/---
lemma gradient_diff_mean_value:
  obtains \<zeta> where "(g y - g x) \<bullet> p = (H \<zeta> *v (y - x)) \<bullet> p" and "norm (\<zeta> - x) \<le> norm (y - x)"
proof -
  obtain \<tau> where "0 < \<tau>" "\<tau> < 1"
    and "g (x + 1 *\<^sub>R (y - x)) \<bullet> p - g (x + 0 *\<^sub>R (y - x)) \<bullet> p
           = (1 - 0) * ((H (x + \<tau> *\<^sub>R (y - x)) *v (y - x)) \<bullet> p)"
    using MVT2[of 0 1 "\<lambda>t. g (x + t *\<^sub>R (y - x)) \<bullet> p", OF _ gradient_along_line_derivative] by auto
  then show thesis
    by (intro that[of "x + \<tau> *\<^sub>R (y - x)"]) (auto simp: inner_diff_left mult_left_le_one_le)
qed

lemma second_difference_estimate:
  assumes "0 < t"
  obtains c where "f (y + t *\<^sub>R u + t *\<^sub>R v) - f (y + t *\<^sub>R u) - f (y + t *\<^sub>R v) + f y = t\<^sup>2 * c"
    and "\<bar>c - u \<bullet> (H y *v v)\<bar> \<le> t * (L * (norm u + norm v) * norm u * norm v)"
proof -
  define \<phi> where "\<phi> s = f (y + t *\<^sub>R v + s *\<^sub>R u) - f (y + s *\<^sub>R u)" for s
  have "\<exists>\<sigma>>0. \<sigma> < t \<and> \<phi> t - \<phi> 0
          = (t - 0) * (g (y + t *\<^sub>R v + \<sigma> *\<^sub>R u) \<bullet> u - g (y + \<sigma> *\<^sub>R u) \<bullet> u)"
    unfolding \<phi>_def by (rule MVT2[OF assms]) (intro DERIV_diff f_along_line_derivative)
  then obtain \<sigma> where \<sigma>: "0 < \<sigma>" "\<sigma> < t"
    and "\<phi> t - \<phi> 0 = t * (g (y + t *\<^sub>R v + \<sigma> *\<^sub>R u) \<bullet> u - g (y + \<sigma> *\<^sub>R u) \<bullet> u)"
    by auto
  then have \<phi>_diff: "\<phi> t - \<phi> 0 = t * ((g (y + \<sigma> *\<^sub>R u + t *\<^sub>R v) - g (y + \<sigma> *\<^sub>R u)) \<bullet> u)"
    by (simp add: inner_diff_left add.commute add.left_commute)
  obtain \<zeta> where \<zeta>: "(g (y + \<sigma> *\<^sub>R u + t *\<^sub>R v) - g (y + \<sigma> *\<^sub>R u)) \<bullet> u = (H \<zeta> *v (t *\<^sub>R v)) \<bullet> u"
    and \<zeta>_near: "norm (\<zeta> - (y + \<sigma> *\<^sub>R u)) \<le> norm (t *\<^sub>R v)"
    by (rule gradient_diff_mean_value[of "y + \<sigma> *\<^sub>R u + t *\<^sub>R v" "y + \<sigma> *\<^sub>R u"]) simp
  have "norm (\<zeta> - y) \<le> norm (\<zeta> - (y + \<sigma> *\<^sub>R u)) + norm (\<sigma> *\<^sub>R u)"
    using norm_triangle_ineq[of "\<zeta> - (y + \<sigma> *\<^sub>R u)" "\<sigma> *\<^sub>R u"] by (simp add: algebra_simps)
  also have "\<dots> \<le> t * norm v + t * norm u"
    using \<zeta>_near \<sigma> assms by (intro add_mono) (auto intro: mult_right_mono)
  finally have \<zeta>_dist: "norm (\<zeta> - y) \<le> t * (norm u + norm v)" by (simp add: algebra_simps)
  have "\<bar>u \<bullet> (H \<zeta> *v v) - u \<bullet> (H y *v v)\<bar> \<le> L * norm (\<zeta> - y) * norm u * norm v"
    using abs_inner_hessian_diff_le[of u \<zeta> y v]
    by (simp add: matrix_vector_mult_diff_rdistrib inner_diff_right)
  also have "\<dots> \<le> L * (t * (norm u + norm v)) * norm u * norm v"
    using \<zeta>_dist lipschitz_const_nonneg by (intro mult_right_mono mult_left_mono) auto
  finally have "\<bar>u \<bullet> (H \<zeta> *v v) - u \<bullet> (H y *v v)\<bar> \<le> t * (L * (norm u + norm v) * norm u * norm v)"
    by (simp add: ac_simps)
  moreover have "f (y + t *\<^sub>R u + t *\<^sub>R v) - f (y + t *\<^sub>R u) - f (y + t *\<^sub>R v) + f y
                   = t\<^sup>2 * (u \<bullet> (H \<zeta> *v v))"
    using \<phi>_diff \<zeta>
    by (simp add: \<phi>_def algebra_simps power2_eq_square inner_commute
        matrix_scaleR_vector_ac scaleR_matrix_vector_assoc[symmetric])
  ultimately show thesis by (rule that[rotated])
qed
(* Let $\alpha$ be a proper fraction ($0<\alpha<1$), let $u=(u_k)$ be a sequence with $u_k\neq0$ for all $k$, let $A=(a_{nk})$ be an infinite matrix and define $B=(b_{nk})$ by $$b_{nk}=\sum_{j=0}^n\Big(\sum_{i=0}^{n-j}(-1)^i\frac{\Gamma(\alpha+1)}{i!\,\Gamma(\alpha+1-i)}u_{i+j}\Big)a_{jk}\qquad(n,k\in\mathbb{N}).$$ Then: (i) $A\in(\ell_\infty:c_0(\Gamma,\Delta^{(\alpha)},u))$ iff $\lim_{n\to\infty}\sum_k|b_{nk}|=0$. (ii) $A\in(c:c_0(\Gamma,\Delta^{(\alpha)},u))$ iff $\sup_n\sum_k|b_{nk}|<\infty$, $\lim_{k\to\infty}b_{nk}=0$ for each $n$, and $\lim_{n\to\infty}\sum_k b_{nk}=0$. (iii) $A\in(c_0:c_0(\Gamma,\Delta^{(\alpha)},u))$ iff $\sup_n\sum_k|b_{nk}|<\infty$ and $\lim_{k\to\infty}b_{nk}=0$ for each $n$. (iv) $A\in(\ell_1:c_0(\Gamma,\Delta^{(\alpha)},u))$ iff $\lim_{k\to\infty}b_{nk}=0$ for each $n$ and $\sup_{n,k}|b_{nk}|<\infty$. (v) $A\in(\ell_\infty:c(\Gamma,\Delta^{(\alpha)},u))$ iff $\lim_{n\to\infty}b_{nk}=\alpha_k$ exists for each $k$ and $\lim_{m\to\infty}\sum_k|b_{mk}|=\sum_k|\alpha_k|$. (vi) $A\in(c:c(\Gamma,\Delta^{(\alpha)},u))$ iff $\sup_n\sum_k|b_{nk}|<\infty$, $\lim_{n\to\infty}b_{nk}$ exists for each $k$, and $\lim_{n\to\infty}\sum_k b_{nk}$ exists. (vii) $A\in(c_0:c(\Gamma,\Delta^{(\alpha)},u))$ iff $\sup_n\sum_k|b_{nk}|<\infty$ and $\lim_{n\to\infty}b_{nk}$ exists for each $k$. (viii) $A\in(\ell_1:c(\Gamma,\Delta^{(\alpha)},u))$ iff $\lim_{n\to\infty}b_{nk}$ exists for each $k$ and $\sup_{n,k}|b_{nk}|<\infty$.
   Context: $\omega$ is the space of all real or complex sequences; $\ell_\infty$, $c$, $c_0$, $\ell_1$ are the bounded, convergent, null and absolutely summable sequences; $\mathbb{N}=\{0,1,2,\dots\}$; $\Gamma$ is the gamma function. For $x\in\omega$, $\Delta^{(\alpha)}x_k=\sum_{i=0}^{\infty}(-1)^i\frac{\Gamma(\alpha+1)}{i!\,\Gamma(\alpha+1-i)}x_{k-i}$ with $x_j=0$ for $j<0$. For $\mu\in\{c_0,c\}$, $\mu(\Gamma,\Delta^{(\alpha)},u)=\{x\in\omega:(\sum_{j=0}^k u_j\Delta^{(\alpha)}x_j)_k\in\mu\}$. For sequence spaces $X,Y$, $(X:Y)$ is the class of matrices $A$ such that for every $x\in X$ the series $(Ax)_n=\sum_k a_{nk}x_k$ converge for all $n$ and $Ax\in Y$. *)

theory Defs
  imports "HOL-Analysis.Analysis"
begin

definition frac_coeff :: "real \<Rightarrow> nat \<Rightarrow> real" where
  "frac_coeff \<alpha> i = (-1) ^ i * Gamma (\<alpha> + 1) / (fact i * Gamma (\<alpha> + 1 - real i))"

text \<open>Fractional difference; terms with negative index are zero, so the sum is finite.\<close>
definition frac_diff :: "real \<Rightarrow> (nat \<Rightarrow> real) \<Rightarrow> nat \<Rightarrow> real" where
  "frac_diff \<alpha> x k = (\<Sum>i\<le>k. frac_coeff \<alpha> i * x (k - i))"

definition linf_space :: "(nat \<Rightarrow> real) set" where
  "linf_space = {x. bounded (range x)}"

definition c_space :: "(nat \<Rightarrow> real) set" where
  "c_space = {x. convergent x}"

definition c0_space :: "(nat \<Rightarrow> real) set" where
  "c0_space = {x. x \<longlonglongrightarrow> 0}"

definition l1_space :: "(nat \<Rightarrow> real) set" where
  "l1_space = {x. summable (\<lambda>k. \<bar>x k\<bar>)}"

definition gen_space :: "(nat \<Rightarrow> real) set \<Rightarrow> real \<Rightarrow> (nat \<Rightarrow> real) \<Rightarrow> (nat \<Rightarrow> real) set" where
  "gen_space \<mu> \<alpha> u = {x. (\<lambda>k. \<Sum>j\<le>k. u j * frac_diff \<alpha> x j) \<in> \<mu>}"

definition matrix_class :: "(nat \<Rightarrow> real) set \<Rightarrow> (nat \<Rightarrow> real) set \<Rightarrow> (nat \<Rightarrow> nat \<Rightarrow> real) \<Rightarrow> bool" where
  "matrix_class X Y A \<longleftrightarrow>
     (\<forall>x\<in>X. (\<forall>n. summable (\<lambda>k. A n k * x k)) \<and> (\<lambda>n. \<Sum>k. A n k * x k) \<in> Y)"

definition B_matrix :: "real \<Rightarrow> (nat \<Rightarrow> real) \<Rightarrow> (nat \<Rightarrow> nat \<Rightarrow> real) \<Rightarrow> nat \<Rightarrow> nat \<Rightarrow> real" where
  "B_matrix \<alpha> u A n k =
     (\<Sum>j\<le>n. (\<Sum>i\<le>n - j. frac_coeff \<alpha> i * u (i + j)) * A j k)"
\---
WHAT YOU WILL DO:
Show every line of the records above that contains the word "auto".

SOLUTION FOR THIS PROBLEM:
    using MVT2[of 0 1 "\<lambda>t. g (x + t *\<^sub>R (y - x)) \<bullet> p", OF _ gradient_along_line_derivative] by auto
    by (intro that[of "x + \<tau> *\<^sub>R (y - x)"]) (auto simp: inner_diff_left mult_left_le_one_le)
    by auto
    using \<zeta>_near \<sigma> assms by (intro add_mono) (auto intro: mult_right_mono)
    using \<zeta>_dist lipschitz_const_nonneg by (intro mult_right_mono mult_left_mono) auto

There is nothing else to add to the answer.